During the short trip, I mentioned some unusual and for them surprising information on who flies Canadairs in Croatia and how, that Croatian Canadair pilots are military pilots who fly MIGs throughout the year and Canadairs in the summer. Croatia will this year also get the first woman to pilot a Canadair in the world, Captain Dijana Doboš. The information was interesting for their marketing department and they hope to interview Dijana Doboš for the magazine they regularly send to their clients. At the production hall, we learned that five Canadair aircraft are produced a year and that the manufacture of one lasts eight months. Canadairs for Italy recently left the factory, and the next ones are for Spain. So far 73 aircraft of that type have been manufactured or ordered, targeted exclusively to fire-fighting. Over recent years it has evolved into a multipurpose aircraft that, besides putting out fires, is financially an incomparably better solution for search and rescue over bodies of water and in the war on poaching and organised crime at sea – the Canadair Cl-415MP.

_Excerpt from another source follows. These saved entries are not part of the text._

(* Let $(B,\lfloor\cdot,\cdot\rfloor,\|\cdot\|)$ be an SSDB space, $q(b):=\tfrac12\lfloor b,b\rfloor$, let $f\colon B\to\,]{-}\infty,\infty]$ be a proper convex lower semicontinuous BC--function and $g\colon B\to\,]{-}\infty,\infty]$ a proper convex lower semicontinuous TBC--function. Then $\mathrm{dom}\,f-\mathrm{dom}\,g=B$ if and only if ${\cal P}_q(f)-{\cal N}_q(g)=B$.
   Context: An SSDB space is a triple $(B,\lfloor\cdot,\cdot\rfloor,\|\cdot\|)$ where $B$ is a nonzero real vector space, $\lfloor\cdot,\cdot\rfloor$ a symmetric bilinear form, $(B,\|\cdot\|)$ a Banach space, and there is a linear isometry $\iota$ of $B$ onto $B^*$ with $\langle b,\iota(c)\rangle=\lfloor b,c\rfloor$. $\mathrm{dom}\,f:=\{b\colon f(b)\in\mathbb{R}\}$, $f^@(c):=\sup_{b}[\lfloor b,c\rfloor-f(b)]$. A BC--function is a proper convex $f$ with $f^@(b)\ge f(b)\ge q(b)$ for all $b$; a TBC--function is a proper convex $g$ with $g^@(-b)\ge g(b)\ge -q(b)$ for all $b$. ${\cal P}_q(f):=\{b\colon f(b)=q(b)\}$, ${\cal N}_q(g):=\{b\colon g(b)=-q(b)\}$. *)

theory Defs
  imports "HOL-Analysis.Analysis" "HOL-Library.Extended_Real"
begin

definition SSDB :: "('a::banach \<Rightarrow> 'a \<Rightarrow> real) \<Rightarrow> bool" where
  "SSDB bf \<longleftrightarrow> (\<exists>b::'a. b \<noteq> 0) \<and> bilinear bf \<and> (\<forall>b c. bf b c = bf c b) \<and>
     (\<exists>\<iota> :: 'a \<Rightarrow> ('a \<Rightarrow>\<^sub>L real). linear \<iota> \<and> surj \<iota> \<and>
        (\<forall>c. norm (\<iota> c) = norm c) \<and> (\<forall>b c. blinfun_apply (\<iota> c) b = bf b c))"

definition qf :: "('a \<Rightarrow> 'a \<Rightarrow> real) \<Rightarrow> 'a \<Rightarrow> real" where
  "qf bf b = bf b b / 2"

We learned of all the newest details, radar in the nose of the aircraft, autopilot and computerised flight processing, additional space for 13 passengers along with the two crew members, and another development is that the Canadair, if necessary, can draw out the water tanks. A door has been made through which injured persons can be brought into the aircraft, they can be used for parachuting and so on. It all depends on what the buyer actually wants to use the Canadair for. As he could not receive us because of business engagements, the Bombardier president for amphibian aircraft production Michel Bourgeois called us by phone a day ahead of our arrival in Dorval in the afternoon for a short interview on the Canadairs for Croatia. He said he plans to come to Croatia in March and that he is following the situation concerning the Aeronautics Technical Institute in Velika Gorica. He feels that the entry of the Institute on the open market is a very good move on the part of Croatian Government and expects that will happen in the near future and that this would be paralleled by the certification of employees for aircraft maintenance. Bourgeois said that the Aeronautics Technical Institute could in fact become the regional centre for the maintenance of Canadair aircraft that the countries of south-eastern Europe would acquire over the coming years.

He confirmed that the production of Canadairs had been suspended, but not discontinued in 2001, because there were already several completed Canadairs, but nobody was buying them. The machines and tools in the hall had been covered in protective tarps in expectation of new orders, which is what happened. Bourgeois announced the start of production of the Canadairs for Croatia very soon. For the coming season, two Canadairs will be rented out to Croatia by another operator, not necessarily Italy's Sorem.

In the coalition agreement of this Croatian Government, in the section that covers airborne traffic, one of the strategic goals put forward is the "need to capitalise on the professional potential of Croatia Airlines and the Aeronautics Technical Institute and to develop aircraft maintenance activities in Croatia for foreign operators." And while it was not explicitly stated with which foreign company this activity would be developed, it is quite clear that Canadian aircraft manufacturer Bombardier Aerospace is in question.

After the visit and talks with top people at Bombardier, it is clear that there is a great opportunity for lucrative and quality business with Croatia, something the Canadians also underline, especially with the technical sector at Croatia Airlines and with the Aeronautics Technical Institute in Velika Gorica. However, it all depends on who from Government will negotiate with the Canadians and how soon they will decouple the Institute from the military system and assist it in acquiring a certificate to enter the open market. Otherwise, if Government is seen as uncommitted and inert and lacking the will to negotiate, similar ventures will very quickly move somewhere to the east of Croatia.